The required output is the exact run of lines below that opens at the line with "using born_prob_nonneg[OF M]" and closes at the line with "d \<theta> \<theta>".

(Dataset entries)

========

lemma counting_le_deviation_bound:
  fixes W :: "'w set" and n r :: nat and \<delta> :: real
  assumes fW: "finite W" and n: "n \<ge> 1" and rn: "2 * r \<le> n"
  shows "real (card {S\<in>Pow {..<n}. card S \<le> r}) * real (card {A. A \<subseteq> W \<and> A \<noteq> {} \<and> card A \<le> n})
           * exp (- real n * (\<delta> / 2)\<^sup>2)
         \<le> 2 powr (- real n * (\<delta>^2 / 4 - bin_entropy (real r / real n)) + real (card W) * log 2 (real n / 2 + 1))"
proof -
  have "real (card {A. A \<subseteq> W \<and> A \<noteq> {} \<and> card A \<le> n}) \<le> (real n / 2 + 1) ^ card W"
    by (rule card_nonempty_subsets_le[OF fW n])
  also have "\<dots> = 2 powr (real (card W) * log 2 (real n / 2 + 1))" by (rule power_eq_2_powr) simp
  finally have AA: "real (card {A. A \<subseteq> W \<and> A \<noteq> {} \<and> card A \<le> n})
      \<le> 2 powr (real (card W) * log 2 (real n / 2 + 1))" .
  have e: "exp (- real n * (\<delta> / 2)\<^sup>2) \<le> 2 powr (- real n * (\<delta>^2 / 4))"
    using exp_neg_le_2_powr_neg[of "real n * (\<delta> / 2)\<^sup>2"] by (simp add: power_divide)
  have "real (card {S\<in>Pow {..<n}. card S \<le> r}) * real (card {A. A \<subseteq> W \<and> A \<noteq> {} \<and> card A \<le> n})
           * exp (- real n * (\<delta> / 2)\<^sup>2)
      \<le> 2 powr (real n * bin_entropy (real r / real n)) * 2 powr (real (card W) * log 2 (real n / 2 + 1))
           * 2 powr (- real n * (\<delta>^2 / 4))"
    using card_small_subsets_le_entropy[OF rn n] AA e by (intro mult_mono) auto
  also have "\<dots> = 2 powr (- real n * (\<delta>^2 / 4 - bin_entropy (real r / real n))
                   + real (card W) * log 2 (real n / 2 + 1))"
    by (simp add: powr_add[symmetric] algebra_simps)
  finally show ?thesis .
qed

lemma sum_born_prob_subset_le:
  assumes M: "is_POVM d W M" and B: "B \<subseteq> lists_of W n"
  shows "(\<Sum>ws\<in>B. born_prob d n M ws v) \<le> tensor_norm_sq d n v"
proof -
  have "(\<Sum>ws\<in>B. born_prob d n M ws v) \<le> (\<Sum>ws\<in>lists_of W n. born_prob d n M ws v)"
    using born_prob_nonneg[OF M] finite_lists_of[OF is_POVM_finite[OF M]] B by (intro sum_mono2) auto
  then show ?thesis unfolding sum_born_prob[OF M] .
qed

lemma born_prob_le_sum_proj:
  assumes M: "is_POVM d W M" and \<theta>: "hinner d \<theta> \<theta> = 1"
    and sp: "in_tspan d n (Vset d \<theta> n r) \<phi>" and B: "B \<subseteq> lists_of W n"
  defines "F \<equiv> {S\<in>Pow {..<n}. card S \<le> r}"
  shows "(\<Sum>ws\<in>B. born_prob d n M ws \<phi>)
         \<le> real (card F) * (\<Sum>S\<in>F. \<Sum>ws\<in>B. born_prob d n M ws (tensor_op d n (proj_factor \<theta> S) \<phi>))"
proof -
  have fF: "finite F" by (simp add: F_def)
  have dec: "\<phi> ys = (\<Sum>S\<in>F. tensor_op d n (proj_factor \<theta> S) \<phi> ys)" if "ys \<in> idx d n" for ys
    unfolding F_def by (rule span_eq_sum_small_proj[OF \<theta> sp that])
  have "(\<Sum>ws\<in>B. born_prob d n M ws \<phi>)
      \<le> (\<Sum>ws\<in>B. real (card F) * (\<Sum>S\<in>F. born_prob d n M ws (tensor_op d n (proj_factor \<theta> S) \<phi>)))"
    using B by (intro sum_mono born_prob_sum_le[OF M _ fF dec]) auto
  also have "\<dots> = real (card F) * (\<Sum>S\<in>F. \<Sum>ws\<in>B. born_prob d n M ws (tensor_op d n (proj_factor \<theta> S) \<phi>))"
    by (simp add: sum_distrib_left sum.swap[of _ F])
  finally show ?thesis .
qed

========

▶ [Response]:
    using born_prob_nonneg[OF M] finite_lists_of[OF is_POVM_finite[OF M]] B by (intro sum_mono2) auto
  then show ?thesis unfolding sum_born_prob[OF M] .
qed

lemma born_prob_le_sum_proj:
  assumes M: "is_POVM d W M" and \<theta>: "hinner d \<theta> \<theta> = 1"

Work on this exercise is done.